= Work required =
Starting at the line that contains "t s) \<Longrightarrow>" and ending at the line that contains "by (rule reaches_within_trans[OF", the lines below are to be given again exactly, with nothing added.
···
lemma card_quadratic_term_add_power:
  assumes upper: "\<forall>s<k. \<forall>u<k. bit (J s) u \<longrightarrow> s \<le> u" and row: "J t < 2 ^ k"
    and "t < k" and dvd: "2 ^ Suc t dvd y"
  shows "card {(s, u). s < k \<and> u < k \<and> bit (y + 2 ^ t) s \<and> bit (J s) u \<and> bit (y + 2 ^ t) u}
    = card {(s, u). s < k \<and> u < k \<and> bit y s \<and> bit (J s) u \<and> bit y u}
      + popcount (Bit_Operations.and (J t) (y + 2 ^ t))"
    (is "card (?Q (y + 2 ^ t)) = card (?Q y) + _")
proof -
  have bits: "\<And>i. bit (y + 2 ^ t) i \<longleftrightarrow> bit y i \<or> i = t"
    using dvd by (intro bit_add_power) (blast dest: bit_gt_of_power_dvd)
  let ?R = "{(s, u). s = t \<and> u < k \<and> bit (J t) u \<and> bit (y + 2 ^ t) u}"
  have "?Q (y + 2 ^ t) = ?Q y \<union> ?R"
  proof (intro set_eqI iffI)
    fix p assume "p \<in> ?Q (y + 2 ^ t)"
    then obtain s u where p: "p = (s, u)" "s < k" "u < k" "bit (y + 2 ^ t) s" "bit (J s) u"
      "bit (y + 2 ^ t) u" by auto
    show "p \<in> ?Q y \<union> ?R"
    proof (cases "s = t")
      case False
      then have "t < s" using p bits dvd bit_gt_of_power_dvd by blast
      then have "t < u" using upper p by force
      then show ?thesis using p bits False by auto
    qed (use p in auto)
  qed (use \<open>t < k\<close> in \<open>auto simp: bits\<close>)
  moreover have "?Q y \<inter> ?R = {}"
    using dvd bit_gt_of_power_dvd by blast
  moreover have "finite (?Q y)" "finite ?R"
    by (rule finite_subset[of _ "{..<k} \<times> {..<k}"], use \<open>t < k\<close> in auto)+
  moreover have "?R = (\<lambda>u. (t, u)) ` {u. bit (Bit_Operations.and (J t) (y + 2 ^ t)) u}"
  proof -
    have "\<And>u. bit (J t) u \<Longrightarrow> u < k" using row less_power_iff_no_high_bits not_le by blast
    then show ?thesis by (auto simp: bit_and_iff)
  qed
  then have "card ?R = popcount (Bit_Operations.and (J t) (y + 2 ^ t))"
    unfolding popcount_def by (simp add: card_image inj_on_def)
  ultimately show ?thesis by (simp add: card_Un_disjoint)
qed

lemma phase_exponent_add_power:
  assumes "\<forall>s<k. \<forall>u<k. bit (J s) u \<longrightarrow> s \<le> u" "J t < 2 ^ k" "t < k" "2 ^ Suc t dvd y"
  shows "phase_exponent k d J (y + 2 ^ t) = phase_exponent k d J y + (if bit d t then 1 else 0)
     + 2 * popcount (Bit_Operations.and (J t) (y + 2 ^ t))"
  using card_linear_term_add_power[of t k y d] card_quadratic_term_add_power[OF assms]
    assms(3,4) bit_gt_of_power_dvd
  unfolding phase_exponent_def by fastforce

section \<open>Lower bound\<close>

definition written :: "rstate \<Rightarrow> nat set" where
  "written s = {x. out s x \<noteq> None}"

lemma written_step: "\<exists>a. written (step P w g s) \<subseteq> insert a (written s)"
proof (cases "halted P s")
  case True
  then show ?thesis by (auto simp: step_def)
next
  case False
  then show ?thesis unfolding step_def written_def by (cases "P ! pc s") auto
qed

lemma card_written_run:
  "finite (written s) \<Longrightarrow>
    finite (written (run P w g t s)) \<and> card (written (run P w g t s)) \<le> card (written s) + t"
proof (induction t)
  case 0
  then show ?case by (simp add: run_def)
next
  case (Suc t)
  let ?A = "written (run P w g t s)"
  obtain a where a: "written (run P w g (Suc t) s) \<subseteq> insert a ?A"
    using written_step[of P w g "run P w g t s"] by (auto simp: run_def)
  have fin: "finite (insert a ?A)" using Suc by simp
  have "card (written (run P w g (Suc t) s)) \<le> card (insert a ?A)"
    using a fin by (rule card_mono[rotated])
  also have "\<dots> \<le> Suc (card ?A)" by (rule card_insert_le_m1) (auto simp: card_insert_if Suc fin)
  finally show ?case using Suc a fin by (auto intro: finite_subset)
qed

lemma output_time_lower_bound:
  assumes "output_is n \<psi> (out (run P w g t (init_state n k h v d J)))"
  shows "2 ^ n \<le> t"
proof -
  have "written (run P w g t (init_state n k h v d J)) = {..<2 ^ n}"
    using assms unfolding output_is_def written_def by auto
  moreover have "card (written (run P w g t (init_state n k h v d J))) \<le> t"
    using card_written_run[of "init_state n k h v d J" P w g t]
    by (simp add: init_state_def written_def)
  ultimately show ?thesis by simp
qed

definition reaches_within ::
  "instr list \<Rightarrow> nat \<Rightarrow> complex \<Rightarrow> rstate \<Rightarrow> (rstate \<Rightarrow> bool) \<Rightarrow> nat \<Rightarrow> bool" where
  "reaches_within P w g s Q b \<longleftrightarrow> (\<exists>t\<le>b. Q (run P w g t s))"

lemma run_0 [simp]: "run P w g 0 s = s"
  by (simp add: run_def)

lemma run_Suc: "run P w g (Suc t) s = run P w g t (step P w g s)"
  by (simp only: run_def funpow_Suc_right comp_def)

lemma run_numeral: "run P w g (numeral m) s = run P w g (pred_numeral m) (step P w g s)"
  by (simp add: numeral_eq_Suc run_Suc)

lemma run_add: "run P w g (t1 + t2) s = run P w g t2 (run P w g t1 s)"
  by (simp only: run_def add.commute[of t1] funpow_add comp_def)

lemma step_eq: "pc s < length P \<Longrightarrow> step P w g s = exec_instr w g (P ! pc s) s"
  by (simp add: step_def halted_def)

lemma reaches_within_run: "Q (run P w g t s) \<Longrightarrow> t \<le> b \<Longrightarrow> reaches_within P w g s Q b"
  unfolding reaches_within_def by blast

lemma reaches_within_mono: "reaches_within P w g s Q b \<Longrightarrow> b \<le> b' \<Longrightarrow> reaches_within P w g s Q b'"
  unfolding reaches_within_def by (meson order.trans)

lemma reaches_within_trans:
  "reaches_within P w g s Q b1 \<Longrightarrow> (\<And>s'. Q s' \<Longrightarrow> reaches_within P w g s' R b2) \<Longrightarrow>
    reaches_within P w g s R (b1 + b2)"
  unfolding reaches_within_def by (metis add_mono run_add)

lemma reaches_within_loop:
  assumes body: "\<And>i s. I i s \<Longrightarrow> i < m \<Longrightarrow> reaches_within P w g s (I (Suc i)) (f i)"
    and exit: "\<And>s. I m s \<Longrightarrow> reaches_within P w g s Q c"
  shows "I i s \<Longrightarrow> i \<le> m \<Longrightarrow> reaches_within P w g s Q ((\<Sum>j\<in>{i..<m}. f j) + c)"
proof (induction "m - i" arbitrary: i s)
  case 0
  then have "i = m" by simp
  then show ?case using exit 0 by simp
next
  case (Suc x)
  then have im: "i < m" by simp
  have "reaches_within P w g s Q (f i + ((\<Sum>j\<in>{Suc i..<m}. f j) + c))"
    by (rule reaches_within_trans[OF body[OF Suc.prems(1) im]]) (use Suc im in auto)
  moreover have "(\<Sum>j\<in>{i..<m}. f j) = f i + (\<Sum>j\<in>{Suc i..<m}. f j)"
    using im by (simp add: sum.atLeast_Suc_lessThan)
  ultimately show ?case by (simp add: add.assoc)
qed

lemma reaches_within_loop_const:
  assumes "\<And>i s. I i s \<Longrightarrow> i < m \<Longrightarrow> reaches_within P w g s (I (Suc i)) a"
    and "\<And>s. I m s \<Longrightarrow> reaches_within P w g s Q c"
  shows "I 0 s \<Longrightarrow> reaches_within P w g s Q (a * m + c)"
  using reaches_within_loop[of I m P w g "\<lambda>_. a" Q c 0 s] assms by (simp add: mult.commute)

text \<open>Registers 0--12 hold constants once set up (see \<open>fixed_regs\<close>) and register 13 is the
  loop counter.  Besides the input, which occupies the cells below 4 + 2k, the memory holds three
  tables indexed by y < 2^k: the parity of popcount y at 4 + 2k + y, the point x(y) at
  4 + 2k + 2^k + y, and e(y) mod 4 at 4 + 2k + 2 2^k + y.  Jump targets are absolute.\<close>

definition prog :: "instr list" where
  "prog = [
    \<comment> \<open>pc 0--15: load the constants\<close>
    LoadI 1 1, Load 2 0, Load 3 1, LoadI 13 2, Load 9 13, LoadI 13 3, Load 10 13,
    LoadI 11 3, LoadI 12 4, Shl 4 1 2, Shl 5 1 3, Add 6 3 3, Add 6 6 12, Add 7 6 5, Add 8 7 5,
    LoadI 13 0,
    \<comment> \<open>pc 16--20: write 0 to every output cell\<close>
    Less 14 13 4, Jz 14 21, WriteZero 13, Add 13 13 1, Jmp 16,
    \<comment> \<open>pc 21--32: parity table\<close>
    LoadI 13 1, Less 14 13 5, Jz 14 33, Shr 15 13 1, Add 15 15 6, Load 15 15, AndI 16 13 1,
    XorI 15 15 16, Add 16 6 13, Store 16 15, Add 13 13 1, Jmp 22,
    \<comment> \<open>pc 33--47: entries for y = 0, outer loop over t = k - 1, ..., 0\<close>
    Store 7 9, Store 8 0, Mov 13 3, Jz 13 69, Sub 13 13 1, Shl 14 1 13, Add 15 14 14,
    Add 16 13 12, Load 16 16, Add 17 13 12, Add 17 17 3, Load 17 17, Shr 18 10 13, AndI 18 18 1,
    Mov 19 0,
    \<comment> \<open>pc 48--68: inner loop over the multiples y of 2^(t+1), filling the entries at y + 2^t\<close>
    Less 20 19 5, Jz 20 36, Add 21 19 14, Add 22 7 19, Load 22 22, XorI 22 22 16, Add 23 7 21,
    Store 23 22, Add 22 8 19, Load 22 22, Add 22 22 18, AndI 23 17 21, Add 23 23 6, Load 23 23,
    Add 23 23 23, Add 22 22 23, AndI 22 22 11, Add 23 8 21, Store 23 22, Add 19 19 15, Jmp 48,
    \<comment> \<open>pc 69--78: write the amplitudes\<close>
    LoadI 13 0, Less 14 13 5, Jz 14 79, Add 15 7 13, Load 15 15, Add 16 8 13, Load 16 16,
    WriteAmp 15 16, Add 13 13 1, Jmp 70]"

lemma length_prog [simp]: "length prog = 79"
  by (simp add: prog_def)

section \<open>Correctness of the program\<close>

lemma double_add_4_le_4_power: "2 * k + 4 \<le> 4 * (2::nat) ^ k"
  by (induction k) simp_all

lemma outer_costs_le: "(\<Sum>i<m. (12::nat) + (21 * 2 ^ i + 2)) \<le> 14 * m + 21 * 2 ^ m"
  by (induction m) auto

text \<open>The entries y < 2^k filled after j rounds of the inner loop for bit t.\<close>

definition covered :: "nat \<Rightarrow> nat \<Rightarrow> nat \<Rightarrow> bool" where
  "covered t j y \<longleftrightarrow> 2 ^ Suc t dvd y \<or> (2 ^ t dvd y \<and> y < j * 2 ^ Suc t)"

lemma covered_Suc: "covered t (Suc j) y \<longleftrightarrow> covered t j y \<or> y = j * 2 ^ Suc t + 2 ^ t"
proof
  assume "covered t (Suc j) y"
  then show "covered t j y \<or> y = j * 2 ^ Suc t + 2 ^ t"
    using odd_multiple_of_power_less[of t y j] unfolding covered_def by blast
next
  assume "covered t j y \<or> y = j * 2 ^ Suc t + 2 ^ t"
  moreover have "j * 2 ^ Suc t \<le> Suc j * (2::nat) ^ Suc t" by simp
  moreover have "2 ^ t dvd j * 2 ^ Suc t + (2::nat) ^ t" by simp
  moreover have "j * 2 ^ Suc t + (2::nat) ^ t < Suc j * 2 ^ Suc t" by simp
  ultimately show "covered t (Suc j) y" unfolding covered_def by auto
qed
···
= Reply to the exercise =
lemma reaches_within_run: "Q (run P w g t s) \<Longrightarrow> t \<le> b \<Longrightarrow> reaches_within P w g s Q b"
  unfolding reaches_within_def by blast

lemma reaches_within_mono: "reaches_within P w g s Q b \<Longrightarrow> b \<le> b' \<Longrightarrow> reaches_within P w g s Q b'"
  unfolding reaches_within_def by (meson order.trans)

lemma reaches_within_trans:
  "reaches_within P w g s Q b1 \<Longrightarrow> (\<And>s'. Q s' \<Longrightarrow> reaches_within P w g s' R b2) \<Longrightarrow>
    reaches_within P w g s R (b1 + b2)"
  unfolding reaches_within_def by (metis add_mono run_add)

lemma reaches_within_loop:
  assumes body: "\<And>i s. I i s \<Longrightarrow> i < m \<Longrightarrow> reaches_within P w g s (I (Suc i)) (f i)"
    and exit: "\<And>s. I m s \<Longrightarrow> reaches_within P w g s Q c"
  shows "I i s \<Longrightarrow> i \<le> m \<Longrightarrow> reaches_within P w g s Q ((\<Sum>j\<in>{i..<m}. f j) + c)"
proof (induction "m - i" arbitrary: i s)
  case 0
  then have "i = m" by simp
  then show ?case using exit 0 by simp
next
  case (Suc x)
  then have im: "i < m" by simp
  have "reaches_within P w g s Q (f i + ((\<Sum>j\<in>{Suc i..<m}. f j) + c))"
    by (rule reaches_within_trans[OF body[OF Suc.prems(1) im]]) (use Suc im in auto)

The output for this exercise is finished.